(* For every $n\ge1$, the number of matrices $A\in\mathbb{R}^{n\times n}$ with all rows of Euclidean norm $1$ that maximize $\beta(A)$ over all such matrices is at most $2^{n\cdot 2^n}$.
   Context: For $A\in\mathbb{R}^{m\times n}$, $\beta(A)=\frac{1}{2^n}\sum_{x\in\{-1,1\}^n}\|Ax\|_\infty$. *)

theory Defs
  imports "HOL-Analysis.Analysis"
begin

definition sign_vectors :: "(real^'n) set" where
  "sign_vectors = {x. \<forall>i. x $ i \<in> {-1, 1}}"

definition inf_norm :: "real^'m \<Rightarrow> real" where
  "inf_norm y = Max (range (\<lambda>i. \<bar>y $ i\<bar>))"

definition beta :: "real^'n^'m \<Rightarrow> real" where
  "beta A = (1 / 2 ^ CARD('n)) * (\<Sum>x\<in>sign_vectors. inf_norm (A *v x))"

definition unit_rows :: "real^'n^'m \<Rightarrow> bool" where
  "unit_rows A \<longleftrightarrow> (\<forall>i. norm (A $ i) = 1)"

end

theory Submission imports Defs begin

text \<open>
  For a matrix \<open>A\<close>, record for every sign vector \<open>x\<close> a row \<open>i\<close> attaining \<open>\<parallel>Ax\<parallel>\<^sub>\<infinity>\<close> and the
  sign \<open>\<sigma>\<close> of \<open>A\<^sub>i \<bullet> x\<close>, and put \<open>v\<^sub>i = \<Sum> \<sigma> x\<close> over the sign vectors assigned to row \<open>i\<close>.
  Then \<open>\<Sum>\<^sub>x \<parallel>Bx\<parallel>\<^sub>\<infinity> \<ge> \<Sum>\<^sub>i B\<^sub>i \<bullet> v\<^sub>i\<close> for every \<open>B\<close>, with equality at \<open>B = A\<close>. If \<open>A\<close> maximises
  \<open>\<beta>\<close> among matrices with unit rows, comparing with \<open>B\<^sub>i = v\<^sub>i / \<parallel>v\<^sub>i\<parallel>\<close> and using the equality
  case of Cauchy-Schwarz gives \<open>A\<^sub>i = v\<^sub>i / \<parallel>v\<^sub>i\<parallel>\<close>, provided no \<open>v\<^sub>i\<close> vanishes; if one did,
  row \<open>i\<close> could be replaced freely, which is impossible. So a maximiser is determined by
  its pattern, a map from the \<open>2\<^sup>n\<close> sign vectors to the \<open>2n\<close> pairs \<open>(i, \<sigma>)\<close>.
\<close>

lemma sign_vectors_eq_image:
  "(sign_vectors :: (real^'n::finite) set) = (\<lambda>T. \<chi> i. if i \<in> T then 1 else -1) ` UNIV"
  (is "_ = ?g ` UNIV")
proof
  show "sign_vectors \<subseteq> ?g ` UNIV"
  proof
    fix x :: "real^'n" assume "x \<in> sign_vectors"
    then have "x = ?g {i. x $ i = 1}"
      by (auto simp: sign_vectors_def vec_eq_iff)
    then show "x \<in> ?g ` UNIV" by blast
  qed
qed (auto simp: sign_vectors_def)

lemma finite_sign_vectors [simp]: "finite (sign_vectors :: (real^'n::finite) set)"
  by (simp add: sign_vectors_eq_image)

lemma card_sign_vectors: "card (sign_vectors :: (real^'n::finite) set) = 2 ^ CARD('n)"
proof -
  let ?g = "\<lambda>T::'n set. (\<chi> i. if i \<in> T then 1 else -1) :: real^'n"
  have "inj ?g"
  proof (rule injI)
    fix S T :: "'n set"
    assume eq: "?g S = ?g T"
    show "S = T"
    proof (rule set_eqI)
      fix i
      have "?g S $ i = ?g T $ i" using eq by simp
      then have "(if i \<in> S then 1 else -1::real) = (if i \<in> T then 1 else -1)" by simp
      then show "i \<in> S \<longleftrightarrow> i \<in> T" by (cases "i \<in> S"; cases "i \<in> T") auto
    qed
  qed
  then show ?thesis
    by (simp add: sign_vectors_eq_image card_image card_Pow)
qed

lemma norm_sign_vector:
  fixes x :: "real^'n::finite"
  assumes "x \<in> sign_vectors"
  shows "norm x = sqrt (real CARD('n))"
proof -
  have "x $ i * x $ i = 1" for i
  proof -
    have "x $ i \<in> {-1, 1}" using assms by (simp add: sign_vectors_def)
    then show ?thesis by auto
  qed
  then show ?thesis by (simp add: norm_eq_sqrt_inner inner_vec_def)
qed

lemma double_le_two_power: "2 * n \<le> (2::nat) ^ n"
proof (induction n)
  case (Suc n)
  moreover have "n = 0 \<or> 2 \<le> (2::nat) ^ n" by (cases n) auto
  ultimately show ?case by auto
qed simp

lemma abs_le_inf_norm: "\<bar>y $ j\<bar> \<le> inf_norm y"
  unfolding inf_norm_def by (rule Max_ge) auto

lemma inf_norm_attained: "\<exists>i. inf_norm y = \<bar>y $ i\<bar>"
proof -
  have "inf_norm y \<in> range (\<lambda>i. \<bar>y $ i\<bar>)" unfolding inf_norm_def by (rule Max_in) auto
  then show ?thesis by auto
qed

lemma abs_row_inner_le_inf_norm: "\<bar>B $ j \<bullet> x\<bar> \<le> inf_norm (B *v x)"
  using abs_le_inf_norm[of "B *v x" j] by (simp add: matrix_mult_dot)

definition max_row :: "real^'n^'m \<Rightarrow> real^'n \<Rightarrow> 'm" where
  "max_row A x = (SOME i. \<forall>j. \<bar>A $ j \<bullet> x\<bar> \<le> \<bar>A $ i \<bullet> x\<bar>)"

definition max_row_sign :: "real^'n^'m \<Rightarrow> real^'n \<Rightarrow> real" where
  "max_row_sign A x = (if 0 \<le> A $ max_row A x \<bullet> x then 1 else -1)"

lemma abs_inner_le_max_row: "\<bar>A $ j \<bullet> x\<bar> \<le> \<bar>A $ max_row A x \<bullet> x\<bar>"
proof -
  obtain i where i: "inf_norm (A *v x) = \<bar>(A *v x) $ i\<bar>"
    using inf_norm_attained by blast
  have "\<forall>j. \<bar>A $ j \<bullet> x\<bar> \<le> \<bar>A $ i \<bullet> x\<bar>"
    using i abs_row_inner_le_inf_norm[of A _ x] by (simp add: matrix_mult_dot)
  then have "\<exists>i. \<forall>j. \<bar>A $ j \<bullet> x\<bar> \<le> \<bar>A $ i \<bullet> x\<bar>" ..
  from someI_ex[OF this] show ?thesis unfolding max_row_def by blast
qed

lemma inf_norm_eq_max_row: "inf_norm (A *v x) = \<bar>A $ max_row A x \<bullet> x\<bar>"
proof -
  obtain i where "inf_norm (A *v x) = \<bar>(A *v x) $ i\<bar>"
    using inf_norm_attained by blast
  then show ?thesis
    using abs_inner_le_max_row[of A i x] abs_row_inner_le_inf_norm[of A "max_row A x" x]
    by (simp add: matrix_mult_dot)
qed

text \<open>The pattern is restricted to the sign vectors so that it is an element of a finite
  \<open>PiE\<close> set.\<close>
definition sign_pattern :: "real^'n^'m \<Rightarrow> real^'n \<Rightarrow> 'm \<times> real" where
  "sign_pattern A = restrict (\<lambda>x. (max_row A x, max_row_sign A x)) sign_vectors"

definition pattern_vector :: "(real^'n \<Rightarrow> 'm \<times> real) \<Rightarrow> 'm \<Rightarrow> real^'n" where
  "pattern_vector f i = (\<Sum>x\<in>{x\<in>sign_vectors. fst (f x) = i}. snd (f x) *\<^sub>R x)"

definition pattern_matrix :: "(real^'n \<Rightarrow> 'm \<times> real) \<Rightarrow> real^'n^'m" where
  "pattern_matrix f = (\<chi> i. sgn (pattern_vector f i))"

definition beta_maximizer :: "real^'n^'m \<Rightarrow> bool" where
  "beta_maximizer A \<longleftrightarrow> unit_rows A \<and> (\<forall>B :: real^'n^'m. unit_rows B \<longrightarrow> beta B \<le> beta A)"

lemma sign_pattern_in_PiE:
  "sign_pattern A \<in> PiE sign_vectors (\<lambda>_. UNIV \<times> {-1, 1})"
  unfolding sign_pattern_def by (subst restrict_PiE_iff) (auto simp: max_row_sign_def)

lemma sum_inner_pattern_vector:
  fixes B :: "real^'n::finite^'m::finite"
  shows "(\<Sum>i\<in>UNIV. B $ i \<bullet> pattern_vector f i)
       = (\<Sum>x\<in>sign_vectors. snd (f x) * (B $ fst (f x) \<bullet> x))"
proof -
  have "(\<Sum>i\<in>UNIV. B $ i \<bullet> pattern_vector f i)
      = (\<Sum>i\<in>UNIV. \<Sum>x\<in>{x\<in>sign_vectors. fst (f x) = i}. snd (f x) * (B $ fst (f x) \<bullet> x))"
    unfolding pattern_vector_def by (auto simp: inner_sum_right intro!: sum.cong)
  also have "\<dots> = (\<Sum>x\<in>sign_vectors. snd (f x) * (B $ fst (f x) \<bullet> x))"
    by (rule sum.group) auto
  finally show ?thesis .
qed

→ **PROBLEM REQUIREMENTS**:
Copy each line of the listing above that includes the word "obtain".

→ **TASK ANSWER**:
  obtain i where i: "inf_norm (A *v x) = \<bar>(A *v x) $ i\<bar>"
  obtain i where "inf_norm (A *v x) = \<bar>(A *v x) $ i\<bar>"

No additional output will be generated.